1. Public Health England, full of expertise on infectious diseases and keeping the public safe, does not have a high enough profile. It talks absolute sense and advises government and journalists, but its voice is not much heard by the general public – and nor do they know what it does. In fact, the expertise on infectious diseases resides in Colindale in north London, in what used to be called the Health Protection Agency, which maybe has a more resonant name when it comes to Ebola. Public Health England is responsible for obesity and smoking cessation and other health issues. It may be a problem that PHE has existed only for the last couple of years. It is not the go-to place for Ebola information for most of the general public.

In the US, public health messages are dispensed by the surgeon general, and have been for a long time. Warnings in his name are plastered over cigarette packets. The top item on the surgeon general’s website is Facts about Ebola, with the one line underneath: “The risk of an Ebola outbreak in the US is very low.” It is a simple message, put out by a known authority, with more detail available for those who want to click onwards.

2. Politicians have been part of the problem. Public Health England was not in favour of screening people returning from west Africa at ports and airports, and advised ministers so. You cannot detect Ebola virus until somebody has symptoms, which is usually about five days after infection but can be up to 21 days. So taking temperatures at Heathrow is a needle-in-a-haystack exercise. You will be lucky to find anybody who was well enough to board the flight but has become symptomatic on arrival in the UK.

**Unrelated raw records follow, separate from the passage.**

lemma word_code_eq_iff: "inj e \<Longrightarrow> word_code e x = word_code e y \<longleftrightarrow> x = y"
  unfolding word_code_def list_encode_eq by (simp add: inj_map_eq_map)

lemma code_length_word_code: "code_length (word_code e x) = length x"
  by (simp add: code_length_def word_code_def)

lemma code_nth_word_code: "k < length x \<Longrightarrow> code_nth (word_code e x) k = e (x ! k)"
  by (simp add: code_nth_list_decode word_code_def)

definition occurs_at :: "'a list \<Rightarrow> nat \<Rightarrow> 'a list \<Rightarrow> bool" where
  "occurs_at x d u \<longleftrightarrow> d + length u \<le> length x \<and> (\<forall>t<length u. x ! (d + t) = u ! t)"

definition code_occurs_at :: "nat \<Rightarrow> nat \<Rightarrow> nat \<Rightarrow> bool" where
  "code_occurs_at c d u \<longleftrightarrow>
    d + code_length u \<le> code_length c \<and> (\<forall>t<code_length u. code_nth c (d + t) = code_nth u t)"

lemma code_occurs_at_word_code:
  "inj e \<Longrightarrow> code_occurs_at (word_code e x) d (word_code e u) \<longleftrightarrow> occurs_at x d u"
  unfolding code_occurs_at_def occurs_at_def code_length_word_code
  by (auto simp: code_nth_word_code inj_eq)

lemma decidable_code_occurs_at:
  assumes "computable g1" "computable g2" "computable g3"
  shows "decidable (\<lambda>xs. code_occurs_at (g1 xs) (g2 xs) (g3 xs))"
proof -
  have "decidable (\<lambda>xs. code_occurs_at (arg xs 0) (arg xs 1) (arg xs 2))"
    unfolding code_occurs_at_def
    by (intro computable_intros computable_code_length computable_code_nth)
  then show ?thesis
    unfolding decidable_def
    by (rule computable_comp3[where F="\<lambda>a b c. if code_occurs_at a b c then 1 else 0", OF _ assms])
qed

definition is_word_code :: "('a \<Rightarrow> nat) \<Rightarrow> nat \<Rightarrow> bool" where
  "is_word_code e c \<longleftrightarrow> (\<forall>k<code_length c. code_nth c k \<in> range e)"

lemma is_word_code_iff: "is_word_code e c \<longleftrightarrow> (\<exists>x. c = word_code e x)"
proof
  assume "is_word_code e c"
  then have "\<forall>a\<in>set (list_decode c). a \<in> range e"
    unfolding is_word_code_def code_length_def by (auto simp: in_set_conv_nth code_nth_list_decode)
  then have "map e (map (inv e) (list_decode c)) = list_decode c"
    unfolding map_map by (intro map_idI) (auto simp: f_inv_into_f)
  then have "c = word_code e (map (inv e) (list_decode c))"
    by (simp add: word_code_def)
  then show "\<exists>x. c = word_code e x" ..
next
  assume "\<exists>x. c = word_code e x"
  then show "is_word_code e c"
    unfolding is_word_code_def by (auto simp: code_length_word_code code_nth_word_code)
qed

lemma decidable_is_word_code:
  assumes "finite (range e)" "computable g"
  shows "decidable (\<lambda>xs. is_word_code e (g xs))"
proof -
  have "decidable (\<lambda>xs. is_word_code e (arg xs 0))"
    unfolding is_word_code_def
    by (intro decidable_bounded_all decidable_mem_finite assms(1) computable_code_nth
        computable_code_length computable_intros)
  then show ?thesis
    unfolding decidable_def
    by (rule computable_comp1[where F="\<lambda>a. if is_word_code e a then 1 else 0", OF _ assms(2)])
qed

definition in_lang_code :: "('a \<Rightarrow> nat) \<Rightarrow> 'a list set \<Rightarrow> nat \<Rightarrow> bool" where
  "in_lang_code e L c \<longleftrightarrow> (\<exists>x. c = word_code e x \<and> x \<in> L)"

Keith Vaz, chair of the Commons home affairs select committee, was one of those who did not listen. Last Thursday, he called for screening to increase public confidence, on the back of the US decision to screen. The defence secretary, Michael Fallon, had said there were no plans to screen and the chancellor, George Osborne, said they would screen only if they had medical advice that this was useful – but on Monday the health secretary, Jeremy Hunt, announced screening would go ahead. At best, the public gets a very confused message. More probably, this fuels the panic.

Hunt has not weighed his words carefully on Ebola. The disease, he said this week, could reach the scale of the Aids epidemic. For Sierra Leone, Liberia and Guinea, and potentially other countries nearby, that is sadly true, although Nigeria and Senegal have tracked down all cases and stopped Ebola in its tracks within their own borders. But many readers of Hunt’s words will be thinking of the UK, the US and Europe. Scary.

3. The media have not helped. Hunt’s words were, of course, blasted across the front page of the Times, and were prominent in the Telegraph, the Mail and elsewhere. But the sheer quantity of unsubstantiated and sometimes unchecked stories on Ebola are just as much of a problem. Because people are worried, Ebola stories on newspaper websites get huge numbers of hits. People are certainly looking for information. It is a disservice, however, to ramp up and run every minor scare.

Maybe we need a trusted voice on Ebola and public health generally. Members of the Royal College of Physicians, anxious about escalating obesity in the UK, urged that there should be an obesity champion and even suggested it could be a member of the royal family. Maybe not, but we need somebody on the public health side with a much higher profile, who must not then be gainsaid by politicians or railroaded by the press into measures that are not justified by any evidence.